Hal tersebut disampaikan Edi saat membuka Musyawarah Daerah (Musda) DMI Kota Pontianak Tahun 2026 di Aula Rumah Dinas Wali Kota Pontianak, Jumat (24/7/2026).
Edi mengatakan, DMI Kota Pontianak telah memiliki kepengurusan hingga tingkat kecamatan yang aktif menyelenggarakan berbagai kegiatan. Namun, fungsi masjid sebagai pusat pembinaan umat, pendidikan, sosial, dan penguatan ekonomi dinilai masih perlu ditingkatkan.
“Harapan kita, masjid tidak hanya sebagai tempat ibadah, tetapi juga tempat pembinaan umat, ekonomi, dan lain sebagainya. Ini memang masih belum optimal kita rasakan,” ujarnya.
Baca Juga : Satgas Ketahanan Pangan Pontianak Pastikan Stok Pangan Aman, Distribusi Berjalan Lancar
Edi yang juga menjabat Wali Kota Pontianak mengungkapkan, Kota Pontianak memiliki 347 masjid dan hampir 600 musala. Jumlah tersebut menjadi modal besar untuk membangun kemandirian ekonomi umat apabila dikelola melalui program-program yang inovatif dan berkelanjutan.
Menurutnya, masjid memiliki potensi menghimpun dan mengelola dana umat secara produktif. Karena itu, DMI diharapkan mampu membangun sinergi dengan lembaga keuangan syariah dan berbagai pihak agar potensi tersebut dapat dimanfaatkan secara maksimal.
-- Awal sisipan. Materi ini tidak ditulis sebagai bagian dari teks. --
lemma card_le_card_avoiding_plus:
  assumes "finite R" "finite S" "S \<inter> D = {}"
    and overlap: "\<forall>r\<in>R. \<forall>s\<in>R. r \<noteq> s \<longrightarrow> X r \<inter> X s \<subseteq> D"
  shows "card R \<le> card {r\<in>R. X r \<inter> S = {}} + card S"
proof -
  let ?H = "{r\<in>R. X r \<inter> S \<noteq> {}}"
  have "\<forall>r\<in>?H. \<exists>s. s \<in> X r \<inter> S" by blast
  then obtain f where f: "\<forall>r\<in>?H. f r \<in> X r \<inter> S" by (rule bchoice[THEN exE])
  have "inj_on f ?H"
  proof (rule inj_onI, rule ccontr)
    fix r s assume "r \<in> ?H" "s \<in> ?H" "f r = f s" "r \<noteq> s"
    then have "f r \<in> X r \<inter> X s" using f by auto
    moreover have "X r \<inter> X s \<subseteq> D" using overlap \<open>r \<in> ?H\<close> \<open>s \<in> ?H\<close> \<open>r \<noteq> s\<close> by simp
    ultimately have "f r \<in> D" by blast
    then show False using f \<open>r \<in> ?H\<close> assms(3) by blast
  qed
  moreover have "f ` ?H \<subseteq> S" using f by blast
  ultimately have "card ?H \<le> card S" using assms(2) by (rule card_inj_on_le)
  moreover have "card R = card {r\<in>R. X r \<inter> S = {}} + card ?H"
  proof -
    have "card ({r\<in>R. X r \<inter> S = {}} \<union> ?H) = card {r\<in>R. X r \<inter> S = {}} + card ?H"
      using assms(1) by (intro card_Un_disjoint) auto
    moreover have "{r\<in>R. X r \<inter> S = {}} \<union> ?H = R" by blast
    ultimately show ?thesis by simp
  qed
  ultimately show ?thesis by simp
qed

lemma is_path_del_verts_E:
  assumes "is_path V E u v p" "set p \<inter> S = {}"
  shows "is_path (V - S) (del_verts_E E S) u v p"
proof -
  have "{p ! i, p ! Suc i} \<inter> S = {}" if "Suc i < length p" for i
  proof -
    have "p ! i \<in> set p" "p ! Suc i \<in> set p" using that by (simp_all add: nth_mem)
    then show ?thesis using assms(2) by blast
  qed
  moreover have "is_walk E p" "distinct p" "set p \<subseteq> V" "hd p = u" "last p = v"
    using assms(1) by (simp_all add: is_path_def)
  ultimately show ?thesis
    using assms(2) by (auto simp: is_path_def is_walk_def del_verts_E_def)
qed

lemma tree_decomposition_edge_subset:
  "tree_decomposition V E I F B \<Longrightarrow> E' \<subseteq> E \<Longrightarrow> tree_decomposition V E' I F B"
  unfolding tree_decomposition_def by blast

lemma tree_decomposition_insert_edge:
  "tree_decomposition V E I F B \<Longrightarrow> l \<in> I \<Longrightarrow> e \<subseteq> B l \<Longrightarrow> tree_decomposition V (insert e E) I F B"
  unfolding tree_decomposition_def by blast

lemma treewidth_le_edge_subset:
  assumes "treewidth_le V E k" "E' \<subseteq> E"
  shows "treewidth_le V E' k"
proof -
  obtain I :: "nat set" and F B where "tree_decomposition V E I F B" "\<forall>l\<in>I. card (B l) \<le> k + 1"
    using assms(1) unfolding treewidth_le_def by blast
  then show ?thesis
    unfolding treewidth_le_def using tree_decomposition_edge_subset[OF _ assms(2)] by blast
qed

lemma treewidth_le_insert_edge:
  assumes "treewidth_le V E k" "finite V"
    and "\<forall>r\<in>A. is_path V E x y (P r)"
    and "\<forall>r\<in>A. \<forall>s\<in>A. r \<noteq> s \<longrightarrow> set (P r) \<inter> set (P s) = {x, y}"
    and "k + 1 \<le> card A"
  shows "treewidth_le V (insert {x, y} E) k"
proof -
  obtain I :: "nat set" and F B where td: "tree_decomposition V E I F B"
    and width: "\<forall>l\<in>I. card (B l) \<le> k + 1"
    using assms(1) unfolding treewidth_le_def by blast
  then obtain l where "l \<in> I" "{x, y} \<subseteq> B l"
    using tree_decomposition_bag_contains_ends[OF td assms(2) width assms(3-5)] by blast
  then have "tree_decomposition V (insert {x, y} E) I F B" by (rule tree_decomposition_insert_edge[OF td])
  then show ?thesis using width unfolding treewidth_le_def by blast
qed

lemma has_solution_edge_subset:
  assumes "has_solution V E t" "E' \<subseteq> E"
  shows "has_solution V E' t"
proof -
  obtain S where S: "is_solution V E t S" using assms(1) by (auto simp: has_solution_def)
  have "del_verts_E E' S \<subseteq> del_verts_E E S" using assms(2) by (auto simp: del_verts_E_def)
  then have "is_solution V E' t S"
    using S treewidth_le_edge_subset by (auto simp: is_solution_def)
  then show ?thesis by (auto simp: has_solution_def)
qed

theorem mainTheorem6:
  fixes V :: "'a set" and E :: "'a set set" and t :: nat and x y :: 'a
    and P :: "nat \<Rightarrow> 'a list"
  assumes "sgraph V E"
    and "x \<in> V" "y \<in> V" "x \<noteq> y" "{x, y} \<notin> E"
    and "\<forall>i < t + 3. is_path V E x y (P i)"
    and "\<forall>i < t + 3. \<forall>j < t + 3. i \<noteq> j \<longrightarrow> set (P i) \<inter> set (P j) = {x, y}"
  shows "has_solution V E t \<longleftrightarrow> has_solution V (insert {x, y} E) t"
proof
  assume "has_solution V (insert {x, y} E) t"
  then show "has_solution V E t" by (rule has_solution_edge_subset) blast
next
  assume "has_solution V E t"
  then obtain S where S: "S \<subseteq> V" "card S \<le> t" and tw: "treewidth_le (V - S) (del_verts_E E S) 2"
    by (auto simp: has_solution_def is_solution_def)
  have "finite V" using assms(1) by (simp add: sgraph_def)
  then have "finite S" using S(1) by (rule finite_subset[rotated])
  have "treewidth_le (V - S) (del_verts_E (insert {x, y} E) S) 2"
  proof (cases "x \<in> S \<or> y \<in> S")
    case True
    then have "del_verts_E (insert {x, y} E) S = del_verts_E E S" by (auto simp: del_verts_E_def)
    then show ?thesis using tw by simp
  next
    case False
    define A where "A = {r\<in>{..<t + 3}. set (P r) \<inter> S = {}}"
    have "t + 3 \<le> card A + card S"
      using card_le_card_avoiding_plus[of "{..<t + 3}" S "{x, y}" "\<lambda>r. set (P r)"]
        \<open>finite S\<close> False assms(7) by (auto simp: A_def)
    moreover have "\<forall>r\<in>A. is_path (V - S) (del_verts_E E S) x y (P r)"
      using assms(6) by (auto simp: A_def intro: is_path_del_verts_E)
    ultimately have "treewidth_le (V - S) (insert {x, y} (del_verts_E E S)) 2"
      using treewidth_le_insert_edge[OF tw, of A x y P] S(2) \<open>finite V\<close> assms(7) by (auto simp: A_def)
    moreover have "del_verts_E (insert {x, y} E) S = insert {x, y} (del_verts_E E S)"
      using False by (auto simp: del_verts_E_def)
    ultimately show ?thesis by simp
  qed
  then show "has_solution V (insert {x, y} E) t" using S by (auto simp: has_solution_def is_solution_def)
qed

end
text \<open>A self-adjoint \<open>a\<close> with \<open>\<parallel>a\<parallel> < 1\<close> is the real part of the unitary
  \<open>u = a + j y\<close>, \<open>y\<^sup>2 = 1 - a\<^sup>2\<close>, and the C*-identity forces \<open>\<parallel>\<phi> u\<parallel> = 1\<close>.\<close>
lemma star_automorphism_norm_selfadjoint_le_1:
  assumes \<phi>: "star_automorphism st j \<phi>" and sa: "st a = a" and na: "norm a < 1"
  shows "norm (\<phi> a) \<le> 1"
proof -
  obtain y where y: "st y = y" "y * a = a * y" "y * y = 1 - a * a"
    using selfadjoint_sqrt_one_minus_square[OF sa na] by blast
  define u where "u = a + j * y"
  have st_u: "st u = a - j * y"
    by (simp add: u_def star_add star_j_mult y(1) sa)
  have j_left: "x * (j * z) = j * (x * z)" for x z
    by (metis mult.assoc j_commute)
  have "st u * u = a * a + a * (j * y) - (j * y) * a - (j * y) * (j * y)"
    unfolding st_u by (simp add: u_def algebra_simps)
  also have "\<dots> = a * a - (j * j) * (y * y)"
    using j_left[of a y] j_left[of y y] by (simp add: mult.assoc y(2))
  finally have "st u * u = 1"
    by (simp add: j_mult_j y(3))
  then have "(norm (\<phi> u))\<^sup>2 = 1"
    by (simp flip: norm_star_mult_self star_automorphismD(4,5)[OF \<phi>]
        add: star_automorphismD(6)[OF \<phi>])
  then have "norm (\<phi> u) = 1"
    using norm_ge_zero[of "\<phi> u"] by (auto simp: power2_eq_1_iff)
  have "\<phi> u + st (\<phi> u) = \<phi> (u + st u)"
    by (simp add: star_automorphismD(1,5)[OF \<phi>])
  also have "u + st u = 2 *\<^sub>R a"
    unfolding st_u by (simp add: u_def scaleR_2)
  finally have "\<phi> u + st (\<phi> u) = 2 *\<^sub>R \<phi> a"
    by (simp add: star_automorphismD(2)[OF \<phi>])
  then have "norm (2 *\<^sub>R \<phi> a) \<le> 2"
    using norm_triangle_ineq[of "\<phi> u" "st (\<phi> u)"] \<open>norm (\<phi> u) = 1\<close> by simp
  then show ?thesis
    by simp
qed

lemma star_automorphism_norm_selfadjoint_le:
  assumes \<phi>: "star_automorphism st j \<phi>" and sa: "st a = a"
  shows "norm (\<phi> a) \<le> norm a"
proof (rule field_le_mult_one_interval)
  fix z :: real assume z: "0 < z" "z < 1"
  show "z * norm (\<phi> a) \<le> norm a"
  proof (cases "a = 0")
    case True
    then show ?thesis
      using star_automorphismD(2)[OF \<phi>, of 0 0] by simp
  next
    case False
    define c where "c = z / norm a"
    have "norm (\<phi> (c *\<^sub>R a)) \<le> 1"
      using False z by (intro star_automorphism_norm_selfadjoint_le_1[OF \<phi>])
        (simp_all add: c_def star_scaleR sa)
    then show ?thesis
      using False z by (simp add: star_automorphismD(2)[OF \<phi>] c_def field_simps)
  qed
qed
“Potensi ekonomi di masjid itu sebenarnya sangat besar. Kalau ini kita koordinir dan kembangkan, bisa menjadi kekuatan umat Islam, terutama dalam pemberdayaan ekonomi,” katanya.

Selain mendorong pemberdayaan ekonomi, Edi juga menekankan pentingnya meningkatkan kualitas pelayanan masjid kepada masyarakat, termasuk melalui peningkatan kapasitas imam, takmir, dan pengurus masjid.
Ia turut menyoroti masih adanya persoalan administrasi terkait sertifikasi lahan masjid dan tanah wakaf yang perlu segera diselesaikan agar tidak menimbulkan masalah hukum di masa mendatang.
Baca Juga : Pemkot Pontianak Tambah Armada dan Kontainer Sampah
Sebagai bentuk dukungan, Pemerintah Kota Pontianak setiap tahun mengalokasikan dana hibah sekitar Rp2 miliar hingga Rp2,5 miliar untuk pembangunan dan rehabilitasi masjid. Di samping itu, Pemkot juga mulai memberi perhatian pada pembangunan fisik madrasah tradisional guna memperkuat kualitas sumber daya manusia.
“Kita sekarang juga fokus menangani madrasah-madrasah secara fisik, karena madrasah sangat penting untuk SDM masyarakat,” ungkapnya.
Edi berharap Musda DMI Kota Pontianak menjadi wadah untuk menyusun program kerja yang lebih implementatif sekaligus mencari solusi atas berbagai persoalan yang dihadapi masjid di setiap kecamatan.
Ia juga berharap DMI Kota Pontianak mampu menghadirkan program yang kreatif dan berdampak nyata sehingga dapat menjadi contoh bagi DMI di kabupaten dan kota lain.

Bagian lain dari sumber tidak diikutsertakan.